lemma weighted_a2_integral:
  shows "0 \<le> integral {0..T} (\<lambda>s. exp s * (2 * a2 s * mean s))"
    and "integral {0..T} (\<lambda>s. exp s * (2 * a2 s * mean s)) = 0 \<Longrightarrow> AE t in lebesgue_on {0..T}. a2 t = 0"
proof -
  have m: "(\<lambda>s. exp s * (2 * a2 s * mean s)) \<in> borel_measurable (lebesgue_on {0..T})"
  proof -
    have "continuous_on {0..T} exp" by (intro continuous_intros)
    then have "exp \<in> borel_measurable (lebesgue_on {0..T})"
      by (rule continuous_imp_measurable_on_sets_lebesgue) auto
    then show ?thesis using measurable_controls measurable_mean by measurable
  qed
  have int: "(\<lambda>s. exp s * (2 * a2 s * mean s)) integrable_on {0..T}"
    using integrable_exp_controls_mean[of 0 2] by (simp add: mult.assoc)
  have nonneg: "0 \<le> exp s * (2 * a2 s * mean s)" if "s \<in> {0..T}" for s
    using control_bounds[OF that] mean_pos[OF that] by simp
  then show "0 \<le> integral {0..T} (\<lambda>s. exp s * (2 * a2 s * mean s))"
    by (intro integral_nonneg[OF int]) auto
  assume zero: "integral {0..T} (\<lambda>s. exp s * (2 * a2 s * mean s)) = 0"
  obtain B where B: "\<And>t. t \<in> {0..T} \<Longrightarrow> \<bar>mean t\<bar> \<le> B" using mean_bounded by metis
  have "\<bar>exp s * (2 * a2 s * mean s)\<bar> \<le> exp T * (2 * B)" if "s \<in> {0..T}" for s
    unfolding abs_mult using that control_bounds[OF that] B[OF that] by (intro mult_mono) auto
  then have "AE s in lebesgue_on {0..T}. exp s * (2 * a2 s * mean s) = 0"
    using AE_eq_0_if_nonneg_integral_eq_0[OF m _ nonneg zero] by blast
  moreover have "AE s in lebesgue_on {0..T}. 0 < mean s"
    using mean_pos by (intro AE_I2) auto
  ultimately show "AE t in lebesgue_on {0..T}. a2 t = 0"
    by eventually_elim auto
qed

text \<open>The two correction terms are nonnegative, by \<open>mean_le_switch_mean\<close> and \<open>a2 \<ge> 0\<close>.\<close>
lemma final_gap_decomposition:
  "gap T * exp T = switch_gap M switch_time (mean 0) (gap 0) T * exp T
     + 2 * (integral {0..T} (\<lambda>s. exp s * switch_mean M switch_time (mean 0) s)
            - integral {0..T} (\<lambda>s. exp s * mean s))
     + integral {0..T} (\<lambda>s. exp s * (2 * a2 s * mean s))"
proof -
  have int: "(\<lambda>s. exp s * ((a1 s + a2 s) * mean s)) integrable_on {0..T}"
    "(\<lambda>s. exp s * ((a1 s - a2 s) * mean s)) integrable_on {0..T}"
    using integrable_exp_controls_mean[of 1 1] integrable_exp_controls_mean[of 1 "- 1"] by simp_all
  have "integral {0..T} (\<lambda>s. exp s * (2 * a2 s * mean s))
      = integral {0..T} (\<lambda>s. exp s * ((a1 s + a2 s) * mean s) - exp s * ((a1 s - a2 s) * mean s))"
    by (rule integral_cong) (simp add: field_simps)
  also have "\<dots> = integral {0..T} (\<lambda>s. exp s * ((a1 s + a2 s) * mean s))
      - integral {0..T} (\<lambda>s. exp s * ((a1 s - a2 s) * mean s))"
    using int by (rule Henstock_Kurzweil_Integration.integral_diff)
  finally have "integral {0..T} (\<lambda>s. exp s * (2 * a2 s * mean s))
      = integral {0..T} (\<lambda>s. exp s * ((a1 s + a2 s) * mean s))
      - integral {0..T} (\<lambda>s. exp s * ((a1 s - a2 s) * mean s))" .
  moreover have "gap T * exp T = gap 0 - integral {0..T} (\<lambda>s. exp s * ((a1 s - a2 s) * mean s))"
    by (rule gap_exp_eq) (use T_pos in auto)
  moreover have "mean T * exp T = switch_mean M switch_time (mean 0) T * exp T"
    using final_mean_eq by simp
  moreover have "switch_gap M switch_time (mean 0) (gap 0) T * exp T = gap 0 - 2 * (mean 0
      + integral {0..T} (\<lambda>s. exp s * switch_mean M switch_time (mean 0) s)
      - switch_mean M switch_time (mean 0) T * exp T)"
    using switch_time_bounds M_less_1 by (intro switch_gap_eq) auto
  ultimately show ?thesis using weighted_effort_eq by argo
qed
section \<open>Admissible block assignments\<close>

lemma permutes_relabelling:
  assumes "finite A" and "\<And>i. card {v\<in>A. \<phi> v = i} = card {v\<in>A. b v = i}"
  obtains \<sigma> where "\<sigma> permutes A" and "\<forall>v\<in>A. \<phi> v = b (\<sigma> v)"
proof -
  have "\<forall>i. \<exists>h. bij_betw h {v\<in>A. \<phi> v = i} {v\<in>A. b v = i}"
    using assms by (auto intro!: finite_same_card_bij)
  then obtain g where g: "\<And>i. bij_betw (g i) {v\<in>A. \<phi> v = i} {v\<in>A. b v = i}"
    by metis
  define \<sigma> where "\<sigma> v = (if v \<in> A then g (\<phi> v) v else v)" for v
  have "bij_betw \<sigma> (\<Union>i. {v\<in>A. \<phi> v = i}) (\<Union>i. {v\<in>A. b v = i})"
  proof (rule bij_betw_UNION_disjoint)
    show "disjoint_family_on (\<lambda>i. {v\<in>A. b v = i}) UNIV"
      by (auto simp: disjoint_family_on_def)
    show "bij_betw \<sigma> {v\<in>A. \<phi> v = i} {v\<in>A. b v = i}" for i
      using g[of i] by (rule bij_betw_cong[THEN iffD1, rotated]) (simp add: \<sigma>_def)
  qed
  moreover have "(\<Union>i. {v\<in>A. f v = i}) = A" for f :: "'a \<Rightarrow> 'b"
    by blast
  ultimately have "bij_betw \<sigma> A A"
    by simp
  then have "\<sigma> permutes A"
    by (rule bij_imp_permutes) (simp add: \<sigma>_def)
  moreover have "\<phi> v = b (\<sigma> v)" if "v \<in> A" for v
    using bij_betwE[OF g[of "\<phi> v"]] that by (simp add: \<sigma>_def)
  ultimately show ?thesis
    using that by blast
qed

lemma PhiD:
  assumes "\<phi> \<in> Phi K V S b"
  shows "\<forall>v\<in>V. \<phi> v \<in> {1..K}" and "\<forall>i\<in>{1..K}. card {v\<in>V. \<phi> v = i} = bsize V b i"
  using assms unfolding Phi_def by auto

lemma finite_Phi:
  assumes "finite V"
  shows "finite (Phi K V S b)"
proof (rule finite_subset)
  show "Phi K V S b \<subseteq> {\<phi>. \<forall>x. (x \<in> V \<longrightarrow> \<phi> x \<in> {0..K}) \<and> (x \<notin> V \<longrightarrow> \<phi> x = 0)}"
    unfolding Phi_def by auto
  show "finite {\<phi>. \<forall>x. (x \<in> V \<longrightarrow> \<phi> x \<in> {0..K}) \<and> (x \<notin> V \<longrightarrow> \<phi> x = (0::nat))}"
    using assms by (rule finite_set_of_finite_funs) auto
qed
lemma card_bad_points_less:
  assumes i: "i < d" and fin: "finite (UNIV :: 'a set)"
  shows "2 ^ (d - Suc i) * (1 + r ^ 2 * (K i * K i)) < card (UNIV :: 'a set)"
proof -
  have pos: "0 < n * n * r ^ 6" using n_pos r_pos by simp
  have "2 ^ (d - Suc i) * (1 + r ^ 2 * (K i * K i)) \<le> 2 ^ (d - Suc i) * (2 * (r ^ 2 * (K i * K i)))"
    using n_pos r_pos by (intro mult_le_mono2) simp
  also have "\<dots> = 2 ^ d * 2 ^ i * (n * n * r ^ 6)"
  proof -
    have "(2 :: nat) ^ d = 2 ^ (d - Suc i + Suc i)" using i by simp
    then have "2 ^ (d - Suc i) * 2 * 2 ^ i = (2 :: nat) ^ d" by (simp add: power_add mult_ac)
    moreover have "r ^ 6 = r ^ 2 * r ^ 2 * r ^ 2" by (simp flip: power_add)
    ultimately show ?thesis by (simp add: power2_eq_square mult_ac)
  qed
  also have "\<dots> < 2 ^ d * 2 ^ d * (n * n * r ^ 6)" using i pos by simp
  also have "\<dots> = (2 ^ d * n * r ^ 3) ^ 2" by (simp add: algebra_simps power2_eq_square flip: power_add)
  also have "\<dots> < card (UNIV :: 'a set)" using card_field fin by simp
  finally show ?thesis .
qed

definition block_kronecker :: "nat \<Rightarrow> nat \<Rightarrow> (nat \<Rightarrow> 'a) \<Rightarrow> 'a poly mat" where
  "block_kronecker i c \<alpha> = block_poly i (2 * c) \<alpha> * kronecker_subst (K i) (block_poly i (2 * c + 1) \<alpha>)"

lemma block_poly_halves:
  assumes "i < d" "c < 2 ^ (d - Suc i)"
  shows "block_poly i (2 * c) \<alpha> \<in> carrier_mat r r" "block_poly i (2 * c + 1) \<alpha> \<in> carrier_mat r r"
    "mat_degree_less (K i) (block_poly i (2 * c) \<alpha>)"
    "mat_degree_less (K i) (block_poly i (2 * c + 1) \<alpha>)"
proof -
  have "i \<le> d" "2 * c < 2 ^ (d - i)" "2 * c + 1 < 2 ^ (d - i)"
    using assms by (auto simp: Suc_diff_Suc[symmetric] simp del: Suc_diff_Suc)
  then show "block_poly i (2 * c) \<alpha> \<in> carrier_mat r r" "block_poly i (2 * c + 1) \<alpha> \<in> carrier_mat r r"
    "mat_degree_less (K i) (block_poly i (2 * c) \<alpha>)"
    "mat_degree_less (K i) (block_poly i (2 * c + 1) \<alpha>)"
    by (simp_all add: block_poly_carrier degree_block_poly)
qed

lemma block_full_in_span_kronecker:
  assumes i: "i < d" and c: "c < 2 ^ (d - Suc i)" and cond: "condensed i \<alpha>"
  shows "block_full (Suc i) c x \<in> mat_span r (range (eval_mat (block_kronecker i c \<alpha>)))"
proof -
  let ?A = "block_poly i (2 * c) \<alpha>" and ?B = "block_poly i (2 * c + 1) \<alpha>"
  note AB = block_poly_halves[OF i c, of \<alpha>]
  have c': "2 * c < 2 ^ (d - i)" "2 * c + 1 < 2 ^ (d - i)"
    using i c by (auto simp: Suc_diff_Suc[symmetric] simp del: Suc_diff_Suc)
  have "block_full (Suc i) c x = block_full i (2 * c) x * block_full i (2 * c + 1) x"
    using i c by (intro block_full_Suc) auto
  also have "\<dots> \<in> mat_span r {Y * Z | Y Z. Y \<in> range (eval_mat ?A) \<and> Z \<in> range (eval_mat ?B)}"
    using cond c' AB by (intro mat_span_mult) (auto simp: condensed_def)
  also have "\<dots> \<subseteq> mat_span r (range (\<lambda>t. eval_mat ?A t * eval_mat ?B (t ^ K i)))"
  proof (rule mat_span_subset_mat_span, clarify)
    fix s s'
    show "eval_mat ?A s * eval_mat ?B s'
        \<in> mat_span r (range (\<lambda>t. eval_mat ?A t * eval_mat ?B (t ^ K i)))"
      by (rule eval_mat_mult_in_span_kronecker[OF AB card_UNIV_ge_K_square[OF i]])
  qed
  also have "range (\<lambda>t. eval_mat ?A t * eval_mat ?B (t ^ K i))
      = range (eval_mat (block_kronecker i c \<alpha>))"
    using AB by (simp add: block_kronecker_def eval_mat_mult eval_kronecker_subst)
  finally show ?thesis .
qed

lemma eval_block_kronecker_node:
  assumes "i < d" "c < 2 ^ (d - Suc i)" "m < r^2"
  shows "eval_mat (block_kronecker i c \<alpha>) (\<omega> ^ m * \<alpha> i) = eval_mat (block_poly (Suc i) c \<alpha>) (\<beta> m)"
  using assms block_poly_halves[OF assms(1,2), of \<alpha>]
  by (simp add: block_kronecker_def eval_mat_mult eval_kronecker_subst eval_block_poly_Suc_node)

definition condenses :: "nat \<Rightarrow> nat \<Rightarrow> (nat \<Rightarrow> 'a) \<Rightarrow> 'a \<Rightarrow> bool" where
  "condenses i c \<alpha> a \<longleftrightarrow> (\<forall>t. eval_mat (block_kronecker i c \<alpha>) t
     \<in> mat_span r ((\<lambda>l. eval_mat (block_kronecker i c \<alpha>) (\<omega> ^ l * a)) ` {..<r^2}))"

lemma few_bad_points:
  assumes i: "i < d" and c: "c < 2 ^ (d - Suc i)"
  obtains B where "finite B" "card B \<le> 1 + r^2 * (K i * K i)" "\<And>a. a \<notin> B \<Longrightarrow> condenses i c \<alpha> a"
proof -
  note AB = block_poly_halves[OF i c, of \<alpha>]
  have C: "block_kronecker i c \<alpha> \<in> carrier_mat r r" "mat_degree_less (K i * K i) (block_kronecker i c \<alpha>)"
    using AB unfolding block_kronecker_def by (simp_all add: mat_degree_less_mult_kronecker_subst)
  have R: "r * r \<le> r^2" by (simp add: power2_eq_square)
  show ?thesis
  proof (rule rank_condenser[OF C inj_on_omega_power[OF i] R])
    fix B assume B: "finite B" "card B \<le> 1 + r^2 * (K i * K i)" "\<And>a t. a \<notin> B \<Longrightarrow>
      eval_mat (block_kronecker i c \<alpha>) t
        \<in> mat_span r ((\<lambda>l. eval_mat (block_kronecker i c \<alpha>) (\<omega> ^ l * a)) ` {..<r^2})"
    show thesis by (rule that[OF B(1,2)]) (simp add: condenses_def B(3))
  qed
qed

lemma ex_condensing_point:
  assumes i: "i < d"
  obtains a where "\<And>c. c < 2 ^ (d - Suc i) \<Longrightarrow> condenses i c \<alpha> a"
proof -
  define X :: nat where "X = 2 ^ (d - Suc i)"
  have "\<forall>c\<in>{..<X}. \<exists>B. finite B \<and> card B \<le> 1 + r^2 * (K i * K i) \<and> (\<forall>a. a \<notin> B \<longrightarrow> condenses i c \<alpha> a)"
  proof
    fix c assume "c \<in> {..<X}"
    then have "c < 2 ^ (d - Suc i)" by (simp add: X_def)
    then obtain B where "finite B" "card B \<le> 1 + r^2 * (K i * K i)" "\<And>a. a \<notin> B \<Longrightarrow> condenses i c \<alpha> a"
      by (rule few_bad_points[OF i, where \<alpha>=\<alpha>]) (rule that)
    then show "\<exists>B. finite B \<and> card B \<le> 1 + r^2 * (K i * K i) \<and> (\<forall>a. a \<notin> B \<longrightarrow> condenses i c \<alpha> a)"
      by blast
  qed
  from bchoice[OF this] obtain Bad where Bad: "\<forall>c\<in>{..<X}. finite (Bad c)
      \<and> card (Bad c) \<le> 1 + r^2 * (K i * K i) \<and> (\<forall>a. a \<notin> Bad c \<longrightarrow> condenses i c \<alpha> a)" ..
  define U where "U = (\<Union>c<X. Bad c)"
  have "finite U" unfolding U_def using Bad by (intro finite_UN_I) auto
  obtain a where a: "a \<notin> U"
  proof (cases "finite (UNIV :: 'a set)")
    case True
    have "card U \<le> (\<Sum>c<X. card (Bad c))" unfolding U_def by (rule card_UN_le) simp
    also have "\<dots> \<le> (\<Sum>c<X. 1 + r^2 * (K i * K i))" using Bad by (intro sum_mono) auto
    also have "\<dots> = X * (1 + r^2 * (K i * K i))" by simp
    also have "\<dots> < card (UNIV :: 'a set)" unfolding X_def by (rule card_bad_points_less[OF i True])
    finally have "U \<noteq> UNIV" by auto
    then show ?thesis using that by blast
  next
    case False
    then show ?thesis using that ex_new_if_finite[OF False \<open>finite U\<close>] by blast
  qed
  show ?thesis
  proof (rule that)
    fix c :: nat assume "c < 2 ^ (d - Suc i)"
    then have "c \<in> {..<X}" "a \<notin> Bad c" using a unfolding U_def X_def by auto
    then show "condenses i c \<alpha> a" using Bad by blast
  qed
qed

— WORK ORDER —
Show a copy of each line from the records above in which the string "intro" occurs.

— WRITTEN ANSWER —
    have "continuous_on {0..T} exp" by (intro continuous_intros)
    by (intro integral_nonneg[OF int]) auto
    unfolding abs_mult using that control_bounds[OF that] B[OF that] by (intro mult_mono) auto
    using mean_pos by (intro AE_I2) auto
    using switch_time_bounds M_less_1 by (intro switch_gap_eq) auto
    using assms by (auto intro!: finite_same_card_bij)
    using n_pos r_pos by (intro mult_le_mono2) simp
    using i c by (intro block_full_Suc) auto
    using cond c' AB by (intro mat_span_mult) (auto simp: condensed_def)
  have "finite U" unfolding U_def using Bad by (intro finite_UN_I) auto
    also have "\<dots> \<le> (\<Sum>c<X. 1 + r^2 * (K i * K i))" using Bad by (intro sum_mono) auto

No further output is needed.